The manufacturing and distribution sector were the most passionate about the environmental pillar of ESG, with healthcare and finance sectors citing social as the most significant for them. Government and public sector saw governance as the most important ESG principle.
Regional headlines
- The United States recorded the most widespread adoption of ESG principles, so it is no surprise to see its firms recording a $2.1t uplift.

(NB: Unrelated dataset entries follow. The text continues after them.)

lemma bernstein_ge_of_rademacher_comparable:
  assumes "0 < p0" "0 < q0" "0 < p1" "0 < q1"
    and comparable: "\<And>J c. c0 * block_norm p0 J (rademacher_sum J c) \<le> block_norm p1 J (rademacher_sum J c)"
  shows "ereal c0 \<le> bernstein (mixed_space p0 q0 A) (mixed_norm p0 q0 A) (mixed_norm p1 q1 A) (\<lambda>x. x) n"
proof -
  define J where "J = n + A"
  have "A \<le> J" "n \<le> J" by (simp_all add: J_def)
  define X where "X = {(\<lambda>j i. \<Sum>k<n. c k * single_block J (rademacher k) j i) | c. True}"
  have X_elem: "x \<in> X \<Longrightarrow> \<exists>c. x = single_block J (rademacher_sum J c)" for x
    using sum_mult_single_block_rademacher[OF \<open>n \<le> J\<close>] by (auto simp: X_def)
  have "lin_subspace_dim X n"
    unfolding X_def using \<open>n \<le> J\<close> by (rule lin_subspace_dim_single_block_rademacher)
  moreover have "X \<subseteq> mixed_space p0 q0 A"
    using X_elem mixed_norm_single_block(1)[OF \<open>A \<le> J\<close> assms(1,2)] by blast
  moreover have "ereal c0 \<le> (INF x \<in> {x \<in> X. mixed_norm p0 q0 A x = 1}. mixed_norm p1 q1 A x)"
  proof (rule INF_greatest)
    fix x assume "x \<in> {x \<in> X. mixed_norm p0 q0 A x = 1}"
    then obtain c where x: "x = single_block J (rademacher_sum J c)" and "mixed_norm p0 q0 A x = 1"
      using X_elem by blast
    then have "block_norm p0 J (rademacher_sum J c) = 1"
      using mixed_norm_single_block(2)[OF \<open>A \<le> J\<close> assms(1,2)] by (simp add: one_ereal_def)
    then show "ereal c0 \<le> mixed_norm p1 q1 A x"
      using comparable[of J c] mixed_norm_single_block(2)[OF \<open>A \<le> J\<close> assms(3,4)] x by simp
  qed
  ultimately show ?thesis
    unfolding bernstein_def by (intro SUP_upper2[of X]) auto
qed

theorem proposition3p8:
  fixes p0 p1 q0 q1 :: ereal and A :: nat
  assumes "0 < p1" and "p1 \<le> p0"
    and "0 < q0" and "q0 < q1"
    and "\<not> (p0 = \<infinity> \<and> p1 < \<infinity>)"
  shows "\<not> finitely_strictly_singular (mixed_space p0 q0 A) (mixed_norm p0 q0 A)
            (mixed_norm p1 q1 A) (\<lambda>x. x)"
proof
  obtain c0 :: real where "c0 > 0"
    and comparable: "\<And>J c. c0 * block_norm p0 J (rademacher_sum J c) \<le> block_norm p1 J (rademacher_sum J c)"
  proof (cases "p1 = p0")
    case True
    then show ?thesis using that[of 1] by simp
  next
    case False
    with assms have "0 < p0" "p0 \<noteq> \<infinity>" "p1 \<noteq> \<infinity>" by auto
    then show ?thesis using that block_norm_rademacher_sum_comparable assms(1) by metis
  qed
  assume "finitely_strictly_singular (mixed_space p0 q0 A) (mixed_norm p0 q0 A) (mixed_norm p1 q1 A) (\<lambda>x. x)"
  then have "eventually (\<lambda>n. bernstein (mixed_space p0 q0 A) (mixed_norm p0 q0 A)
      (mixed_norm p1 q1 A) (\<lambda>x. x) n < ereal c0) sequentially"
    using \<open>c0 > 0\<close> unfolding finitely_strictly_singular_def by (intro order_tendstoD(2)) auto
  then obtain n where "bernstein (mixed_space p0 q0 A) (mixed_norm p0 q0 A)
      (mixed_norm p1 q1 A) (\<lambda>x. x) n < ereal c0"
    by (auto simp: eventually_sequentially)
  moreover have "0 < p0" "0 < q1" using assms by auto
  ultimately show False
    using bernstein_ge_of_rademacher_comparable[OF _ assms(3,1) _ comparable, of q1 A n] by simp
qed

end
section \<open>Generating function of the covering probability\<close>

text \<open>For weights q on a finite set U and R \<subseteq> U this is
  e^{q(U-R) x} \<Prod>_{r\<in>R} (e^{q_r x} - 1), written as a product over all of U.\<close>
definition cover_egf :: "('a \<Rightarrow> real) \<Rightarrow> 'a set \<Rightarrow> 'a set \<Rightarrow> real fps" where
  "cover_egf q U R = (\<Prod>x\<in>U. if x \<in> R then fps_expm1 (q x) else fps_exp (q x))"

lemma cover_egf_nth_0:
  assumes "finite U" "R \<subseteq> U"
  shows "cover_egf q U R $ 0 = (if R = {} then 1 else 0)"
proof -
  have "cover_egf q U R $ 0 = (\<Prod>x\<in>U. if x \<in> R then 0 else 1)"
    unfolding cover_egf_def fps_prod_nth_0 by (intro prod.cong) (auto simp: fps_expm1_nth)
  then show ?thesis using assms by (cases "R = {}") (auto simp: prod_zero_iff)
qed

text \<open>Differentiating removes one coupon from the set still to be covered: this is
  the generating-function form of conditioning on the first draw.\<close>
lemma cover_egf_deriv:
  assumes "finite U"
  shows "fps_deriv (cover_egf q U R) = (\<Sum>x\<in>U. fps_const (q x) * cover_egf q U (R - {x}))"
proof -
  define g where "g R' x = (if x \<in> R' then fps_expm1 (q x) else fps_exp (q x))" for R' x
  have egf: "cover_egf q U R' = (\<Prod>x\<in>U. g R' x)" for R'
    unfolding cover_egf_def g_def ..
  have summand: "fps_deriv (g R x) * (\<Prod>y\<in>U - {x}. g R y) = fps_const (q x) * cover_egf q U (R - {x})"
    if "x \<in> U" for x
  proof -
    have "(\<Prod>y\<in>U - {x}. g R y) = (\<Prod>y\<in>U - {x}. g (R - {x}) y)"
      by (intro prod.cong) (auto simp: g_def)
    moreover have "cover_egf q U (R - {x}) = fps_exp (q x) * (\<Prod>y\<in>U - {x}. g (R - {x}) y)"
      using assms that unfolding egf by (simp add: prod.remove g_def)
    moreover have "fps_deriv (g R x) = fps_const (q x) * fps_exp (q x)"
      by (simp add: g_def fps_expm1_def)
    ultimately show ?thesis by (simp add: mult.assoc)
  qed
  have "fps_deriv (cover_egf q U R) = (\<Sum>x\<in>U. fps_deriv (g R x) * (\<Prod>y\<in>U - {x}. g R y))"
    unfolding egf by (rule fps_deriv_prod[OF assms])
  also have "\<dots> = (\<Sum>x\<in>U. fps_const (q x) * cover_egf q U (R - {x}))"
    by (rule sum.cong[OF refl]) (rule summand)
  finally show ?thesis .
qed

lemma cover_egf_nth_Suc:
  assumes "finite U"
  shows "fact (Suc k) * cover_egf q U R $ Suc k
       = (\<Sum>x\<in>U. q x * (fact k * cover_egf q U (R - {x}) $ k))"
proof -
  have "fact (Suc k) * cover_egf q U R $ Suc k = fact k * fps_deriv (cover_egf q U R) $ k"
    by (simp add: algebra_simps)
  also have "\<dots> = (\<Sum>x\<in>U. q x * (fact k * cover_egf q U (R - {x}) $ k))"
    unfolding cover_egf_deriv[OF assms] fps_sum_nth by (simp add: sum_distrib_left algebra_simps)
  finally show ?thesis .
qed

section \<open>Probability that independent draws cover a set\<close>

definition cover_prob :: "'a::countable pmf \<Rightarrow> nat \<Rightarrow> 'a set \<Rightarrow> real" where
  "cover_prob M k R = measure (stream_space (measure_pmf M))
     {\<omega>\<in>space (stream_space (measure_pmf M)). R \<subseteq> set (stake k \<omega>)}"

lemma measurable_cover_event [measurable]:
  fixes M :: "'a::countable pmf"
  shows "Measurable.pred (stream_space (measure_pmf M)) (\<lambda>\<omega>. R \<subseteq> set (stake k \<omega>))"
proof -
  have "sets (stream_space (measure_pmf M)) = sets (stream_space (count_space UNIV))"
    by (intro sets_stream_space_cong) simp
  then have stake: "stake k \<in> measurable (stream_space (measure_pmf M)) (count_space UNIV)"
    using measurable_stake[of k] by (simp add: measurable_def space_stream_space)
  show ?thesis
    using measurable_compose[OF stake, of "\<lambda>l. R \<subseteq> set l"] by (simp add: o_def)
qed

lemma prob_space_stream_pmf: "prob_space (stream_space (measure_pmf M))"
  by (rule prob_space.prob_space_stream_space[OF measure_pmf.prob_space_axioms])

lemma cover_prob_0: "cover_prob M 0 R = (if R = {} then 1 else 0)"
  using prob_space.prob_space[OF prob_space_stream_pmf[of M]] by (simp add: cover_prob_def)

text \<open>First-step decomposition: after the first draw x the remaining k draws
  must cover R - {x}.\<close>
lemma cover_prob_Suc:
  assumes "finite U" "set_pmf M \<subseteq> U"
  shows "cover_prob M (Suc k) R = (\<Sum>x\<in>U. pmf M x * cover_prob M k (R - {x}))"
proof -
  have ev: "{\<omega>\<in>space (stream_space (measure_pmf M)). R \<subseteq> set (stake (Suc k) \<omega>)}
      \<in> sets (stream_space (measure_pmf M))"
    by measurable
  have "ennreal (cover_prob M (Suc k) R) = (\<integral>\<^sup>+x. ennreal (cover_prob M k (R - {x})) \<partial>measure_pmf M)"
    unfolding cover_prob_def
    by (subst prob_space.prob_stream_space[OF measure_pmf.prob_space_axioms ev])
       (auto intro!: nn_integral_cong arg_cong[where f = ennreal] arg_cong[where f = "measure _"])
  also have "\<dots> = (\<Sum>x\<in>U. ennreal (cover_prob M k (R - {x})) * pmf M x)"
    using assms by (intro nn_integral_measure_pmf_support) auto
  also have "\<dots> = ennreal (\<Sum>x\<in>U. pmf M x * cover_prob M k (R - {x}))"
    by (subst sum_ennreal[symmetric]) (auto simp: cover_prob_def ennreal_mult'' mult.commute)
  finally show ?thesis
    by (subst (asm) ennreal_inj) (auto simp: cover_prob_def intro!: sum_nonneg)
qed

The combined figure for the European region was $930bn and in Australia, the estimated figure was $59bn.
- Australia: While all regions had embraced ESG as a principle, businesses taking practical steps to achieve high practical engagement with ESG practices were most prevalent in Australia, with particularly high engagement figures for social aspects (92.7%).
- Europe: At the other end of the scale, the region with the lowest rate of engagement with environmental principles of ESG, was Europe (85.9%).
- Europe: Among companies that have adopted ESG principles, those in Italy showed the highest increase in customer retention, with almost 90% reporting rises and Italian businesses also found the greatest perceived ability to attract investment.
- United States: Businesses in the US were most likely to have a dedicated ESG role (60.8%), and they also reflected the highest headcount growth figures (11.1%)
Mary Tressel continued: “ESG has been viewed in some quarters as a ‘nice to have’ but this study reveals the impact for adoption – on finances, human resources and brand influence. With today’s rising costs of doing business, areas like customer retention will become even more important to businesses as they seek to come out stronger than the competition. ESG could be the answer many companies are looking for to differentiate their approach.”
Moore Global commissioned the Centre of Economics and Business Research (CEBR) to survey 1,262 decision makers in large companies (250+ employees) across eight major economies of the US, UK, Germany, France, Spain, The Netherlands, Italy, and Australia, considering the impact of ESG on business performance.